One part of the entries below is wanted: the lines from the one containing "(use fin w y" through the one containing "lp 2 \<longleftrightarrow>". Write those out exactly and nothing else.

Stored items:
#####

text \<open>Jensen's inequality, with the missing mass of the weights put on the point \<open>0\<close>.\<close>
lemma powr_weighted_sum_le:
  fixes w y :: "nat \<Rightarrow> real"
  assumes p: "p \<ge> 1" and fin: "finite A" and w: "\<And>k. k \<in> A \<Longrightarrow> 0 \<le> w k"
    and y: "\<And>k. k \<in> A \<Longrightarrow> 0 \<le> y k" and ws: "(\<Sum>k\<in>A. w k) \<le> 1"
  shows "(\<Sum>k\<in>A. w k * y k) powr p \<le> (\<Sum>k\<in>A. w k * y k powr p)"
proof -
  define S where "S = insert None (Some ` A)"
  define a where "a = (\<lambda>q. case q of None \<Rightarrow> 1 - sum w A | Some k \<Rightarrow> w k)"
  define z where "z = (\<lambda>q. case q of None \<Rightarrow> 0 | Some k \<Rightarrow> y k)"
  have nn: "None \<notin> Some ` A" by auto
  have sA: "(\<Sum>q\<in>Some ` A. g q) = (\<Sum>k\<in>A. g (Some k))" for g :: "nat option \<Rightarrow> real"
    by (simp add: sum.reindex)
  have "(\<lambda>x. x powr p) (\<Sum>q\<in>S. a q *\<^sub>R z q) \<le> (\<Sum>q\<in>S. a q * (\<lambda>x. x powr p) (z q))"
    by (rule convex_on_sum[OF _ _ convex_on_powr_nonneg[OF p]])
       (use fin w y ws in \<open>auto simp: S_def a_def z_def sum.insert[OF _ nn] sA\<close>)
  moreover have "(\<Sum>q\<in>S. a q *\<^sub>R z q) = (\<Sum>k\<in>A. w k * y k)"
    using fin by (simp add: S_def a_def z_def sum.insert[OF _ nn] sA)
  moreover have "(\<Sum>q\<in>S. a q * z q powr p) = (\<Sum>k\<in>A. w k * y k powr p)"
    using fin p by (simp add: S_def a_def z_def sum.insert[OF _ nn] sA)
  ultimately show ?thesis by simp
qed

section \<open>The Hilbert space \<open>l\<^sub>2\<close>\<close>

instantiation "fun" :: (type, real_vector) real_vector
begin
definition scaleR_fun :: "real \<Rightarrow> ('a \<Rightarrow> 'b) \<Rightarrow> 'a \<Rightarrow> 'b" where
  "scaleR_fun c f = (\<lambda>x. c *\<^sub>R f x)"
instance by standard (auto simp: scaleR_fun_def fun_eq_iff algebra_simps)
end

lemma sum_fun_apply: "(\<Sum>k\<in>A. F k) i = (\<Sum>k\<in>A. F k i)"
  by (induct A rule: infinite_finite_induct) auto

lemma abs_powr_2: "\<bar>r\<bar> powr 2 = (r::real)^2"
  by (cases "r = 0") (simp_all add: powr_numeral)

lemma lp2_iff: "v \<in> lp 2 \<longleftrightarrow> v \<in> linfty \<and> summable (\<lambda>i. (v i)^2)"
  unfolding lp_def by (simp add: abs_powr_2)

lemma subspace_lp2: "subspace (lp 2)"
  unfolding subspace_def
proof (intro conjI ballI allI)
  show "0 \<in> lp 2" by (simp add: lp2_iff linftyI[of _ 0])
next
  fix u v :: "nat \<Rightarrow> real" assume u: "u \<in> lp 2" and v: "v \<in> lp 2"
  have "(\<lambda>n. 1 * u n + 1 * v n) \<in> linfty"
    using u v by (intro linfty_lincomb) (auto simp: lp2_iff)
  moreover have "summable (\<lambda>i. ((u + v) i)^2)"
  proof (rule summable_comparison_test'[where N=0])
    show "summable (\<lambda>i. 2 * (u i)^2 + 2 * (v i)^2)"
      using u v by (intro summable_add summable_mult) (auto simp: lp2_iff)
    show "norm (((u + v) i)^2) \<le> 2 * (u i)^2 + 2 * (v i)^2" for i
    proof -
      have "(u i + v i)^2 \<le> 2 * (u i)^2 + 2 * (v i)^2"
        using sum_squares_ge_zero[of "u i - v i" 0] by (simp add: power2_eq_square algebra_simps)
      then show ?thesis by simp
    qed
  qed
  ultimately show "u + v \<in> lp 2" by (simp add: lp2_iff plus_fun_def)
next
  fix c and u :: "nat \<Rightarrow> real" assume u: "u \<in> lp 2"
  have "(\<lambda>n. c * u n + 0 * u n) \<in> linfty"
    using u by (intro linfty_lincomb) (auto simp: lp2_iff)
  moreover have "summable (\<lambda>i. c^2 * (u i)^2)"
    using u by (intro summable_mult) (auto simp: lp2_iff)
  ultimately show "c *\<^sub>R u \<in> lp 2" by (simp add: lp2_iff scaleR_fun_def power_mult_distrib)
qed

definition norm2 :: "(nat \<Rightarrow> real) \<Rightarrow> real" where
  "norm2 v = sqrt (\<Sum>i. (v i)^2)"

lemma norm2_triangle:
  assumes u: "u \<in> lp 2" and v: "v \<in> lp 2"
  shows "norm2 (u + v) \<le> norm2 u + norm2 v"
proof -
  have su: "summable (\<lambda>i. (u i)^2)" and sv: "summable (\<lambda>i. (v i)^2)"
    and suv: "summable (\<lambda>i. ((u + v) i)^2)"
    using u v subspace_add[OF subspace_lp2 u v] by (auto simp: lp2_iff)
  have partial: "(\<Sum>i<N. ((u + v) i)^2) \<le> (norm2 u + norm2 v)^2" for N
  proof -
    have "sqrt (\<Sum>i<N. ((u + v) i)^2) = L2_set (\<lambda>i. u i + v i) {..<N}" by (simp add: L2_set_def)
    also have "\<dots> \<le> L2_set u {..<N} + L2_set v {..<N}" by (rule L2_set_triangle_ineq)
    also have "L2_set u {..<N} \<le> norm2 u" unfolding L2_set_def norm2_def
      by (intro real_sqrt_le_mono sum_le_suminf su) auto
    also have "L2_set v {..<N} \<le> norm2 v" unfolding L2_set_def norm2_def
      by (intro real_sqrt_le_mono sum_le_suminf sv) auto
    finally have "sqrt (\<Sum>i<N. ((u + v) i)^2) \<le> norm2 u + norm2 v" by simp
    then have "(sqrt (\<Sum>i<N. ((u + v) i)^2))^2 \<le> (norm2 u + norm2 v)^2"
      by (rule power_mono[OF _ real_sqrt_ge_zero]) (simp add: sum_nonneg)
    then show ?thesis by (simp add: sum_nonneg)
  qed
  have "(\<Sum>i. ((u + v) i)^2) \<le> (norm2 u + norm2 v)^2" by (rule suminf_le_const[OF suv partial])
  then have "norm2 (u + v) \<le> sqrt ((norm2 u + norm2 v)^2)"
    unfolding norm2_def[of "u + v"] by (rule real_sqrt_le_mono)
  also have "\<dots> = norm2 u + norm2 v"
    using suminf_nonneg[OF su] suminf_nonneg[OF sv] by (simp add: norm2_def)
  finally show ?thesis .
qed

lemma norm2_scaleR: "u \<in> lp 2 \<Longrightarrow> norm2 (c *\<^sub>R u) = \<bar>c\<bar> * norm2 u"
  using suminf_mult[of "\<lambda>i. (u i)^2" "c^2"]
  by (simp add: lp2_iff norm2_def scaleR_fun_def power_mult_distrib real_sqrt_mult)

lemma norm2_parallelogram:
  assumes u: "u \<in> lp 2" and v: "v \<in> lp 2"
  shows "norm2 (u + v)^2 + norm2 (u - v)^2 = 2 * norm2 u ^ 2 + 2 * norm2 v ^ 2"
proof -
  have su: "summable (\<lambda>i. (u i)^2)" and sv: "summable (\<lambda>i. (v i)^2)"
    and s1: "summable (\<lambda>i. ((u + v) i)^2)" and s2: "summable (\<lambda>i. ((u - v) i)^2)"
    using u v subspace_add[OF subspace_lp2 u v] subspace_diff[OF subspace_lp2 u v]
    by (auto simp: lp2_iff)
  have sq: "norm2 w ^ 2 = (\<Sum>i. (w i)^2)" if "summable (\<lambda>i. (w i)^2)" for w
    unfolding norm2_def using suminf_nonneg[OF that] by simp
  have "(\<Sum>i. ((u + v) i)^2) + (\<Sum>i. ((u - v) i)^2) = (\<Sum>i. ((u + v) i)^2 + ((u - v) i)^2)"
    by (rule suminf_add[OF s1 s2])
  also have "\<dots> = (\<Sum>i. 2 * (u i)^2 + 2 * (v i)^2)"
    by (simp add: power2_eq_square algebra_simps)
  also have "\<dots> = 2 * (\<Sum>i. (u i)^2) + 2 * (\<Sum>i. (v i)^2)"
    using suminf_add[OF summable_mult[OF su, of 2] summable_mult[OF sv, of 2]]
      suminf_mult[OF su, of 2] suminf_mult[OF sv, of 2] by simp
  finally show ?thesis using sq[OF s1] sq[OF s2] sq[OF su] sq[OF sv] by linarith
qed

lemma abs_le_norm2: "v \<in> lp 2 \<Longrightarrow> \<bar>v i\<bar> \<le> norm2 v"
  using sum_le_suminf[of "\<lambda>i. (v i)^2" "{i}"] real_sqrt_le_mono
  by (fastforce simp: lp2_iff norm2_def)

section \<open>Mean ergodic theorem under a parallelogram law\<close>

text \<open>\<open>l\<^sub>2\<close> is not a type of its own here, so the Hilbert space is modelled as a subspace \<open>V\<close>
  of an ambient vector space with a seminorm \<open>nrm\<close> that obeys the parallelogram law on \<open>V\<close>.\<close>

locale parallelogram_contraction =
  fixes V :: "'a::real_vector set" and S :: "'a \<Rightarrow> 'a" and nrm :: "'a \<Rightarrow> real"
  assumes subspace: "subspace V"
    and S_V: "\<And>u. u \<in> V \<Longrightarrow> S u \<in> V"
    and S_add: "\<And>u v. u \<in> V \<Longrightarrow> v \<in> V \<Longrightarrow> S (u + v) = S u + S v"
    and S_scaleR: "\<And>u c. u \<in> V \<Longrightarrow> S (c *\<^sub>R u) = c *\<^sub>R S u"
    and nrm_triangle: "\<And>u v. u \<in> V \<Longrightarrow> v \<in> V \<Longrightarrow> nrm (u + v) \<le> nrm u + nrm v"
    and nrm_scaleR: "\<And>u c. u \<in> V \<Longrightarrow> nrm (c *\<^sub>R u) = \<bar>c\<bar> * nrm u"
    and nrm_S_le: "\<And>u. u \<in> V \<Longrightarrow> nrm (S u) \<le> nrm u"
    and parallelogram:
      "\<And>u v. u \<in> V \<Longrightarrow> v \<in> V \<Longrightarrow> nrm (u + v)^2 + nrm (u - v)^2 = 2 * nrm u ^ 2 + 2 * nrm v ^ 2"
begin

#####

Task response:
       (use fin w y ws in \<open>auto simp: S_def a_def z_def sum.insert[OF _ nn] sA\<close>)
  moreover have "(\<Sum>q\<in>S. a q *\<^sub>R z q) = (\<Sum>k\<in>A. w k * y k)"
    using fin by (simp add: S_def a_def z_def sum.insert[OF _ nn] sA)
  moreover have "(\<Sum>q\<in>S. a q * z q powr p) = (\<Sum>k\<in>A. w k * y k powr p)"
    using fin p by (simp add: S_def a_def z_def sum.insert[OF _ nn] sA)
  ultimately show ?thesis by simp
qed

section \<open>The Hilbert space \<open>l\<^sub>2\<close>\<close>

instantiation "fun" :: (type, real_vector) real_vector
begin
definition scaleR_fun :: "real \<Rightarrow> ('a \<Rightarrow> 'b) \<Rightarrow> 'a \<Rightarrow> 'b" where
  "scaleR_fun c f = (\<lambda>x. c *\<^sub>R f x)"
instance by standard (auto simp: scaleR_fun_def fun_eq_iff algebra_simps)
end

lemma sum_fun_apply: "(\<Sum>k\<in>A. F k) i = (\<Sum>k\<in>A. F k i)"
  by (induct A rule: infinite_finite_induct) auto

lemma abs_powr_2: "\<bar>r\<bar> powr 2 = (r::real)^2"
  by (cases "r = 0") (simp_all add: powr_numeral)

lemma lp2_iff: "v \<in> lp 2 \<longleftrightarrow> v \<in> linfty \<and> summable (\<lambda>i. (v i)^2)"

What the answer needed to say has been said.